-- Opening Marker --

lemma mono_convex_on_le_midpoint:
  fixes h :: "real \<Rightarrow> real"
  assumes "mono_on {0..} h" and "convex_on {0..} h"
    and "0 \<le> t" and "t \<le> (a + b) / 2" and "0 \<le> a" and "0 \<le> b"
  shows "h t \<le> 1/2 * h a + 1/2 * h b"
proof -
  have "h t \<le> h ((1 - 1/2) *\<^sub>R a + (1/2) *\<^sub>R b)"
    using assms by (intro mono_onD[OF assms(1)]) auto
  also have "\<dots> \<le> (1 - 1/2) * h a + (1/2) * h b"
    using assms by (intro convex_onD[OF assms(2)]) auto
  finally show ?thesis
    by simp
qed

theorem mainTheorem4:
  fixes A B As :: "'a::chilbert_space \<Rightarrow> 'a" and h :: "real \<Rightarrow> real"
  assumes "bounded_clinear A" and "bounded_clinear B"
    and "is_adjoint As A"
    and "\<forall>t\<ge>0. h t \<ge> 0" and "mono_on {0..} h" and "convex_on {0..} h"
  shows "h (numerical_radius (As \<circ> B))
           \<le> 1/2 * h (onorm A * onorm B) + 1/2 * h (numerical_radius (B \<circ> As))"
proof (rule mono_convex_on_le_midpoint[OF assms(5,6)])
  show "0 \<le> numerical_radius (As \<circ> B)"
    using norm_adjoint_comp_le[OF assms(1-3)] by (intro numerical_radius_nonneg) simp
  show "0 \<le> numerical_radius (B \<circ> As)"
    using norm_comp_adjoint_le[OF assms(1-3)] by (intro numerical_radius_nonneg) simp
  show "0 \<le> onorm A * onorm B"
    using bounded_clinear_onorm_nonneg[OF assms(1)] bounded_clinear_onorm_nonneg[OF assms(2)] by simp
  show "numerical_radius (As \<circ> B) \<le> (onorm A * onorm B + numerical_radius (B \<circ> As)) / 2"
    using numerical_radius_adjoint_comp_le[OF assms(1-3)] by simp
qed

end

-- Closing Marker --

- **Exercise details**: Search the records for the word "fixes". Copy each line where it appears.

- **Answer to this problem**:
  fixes h :: "real \<Rightarrow> real"
  fixes A B As :: "'a::chilbert_space \<Rightarrow> 'a" and h :: "real \<Rightarrow> real"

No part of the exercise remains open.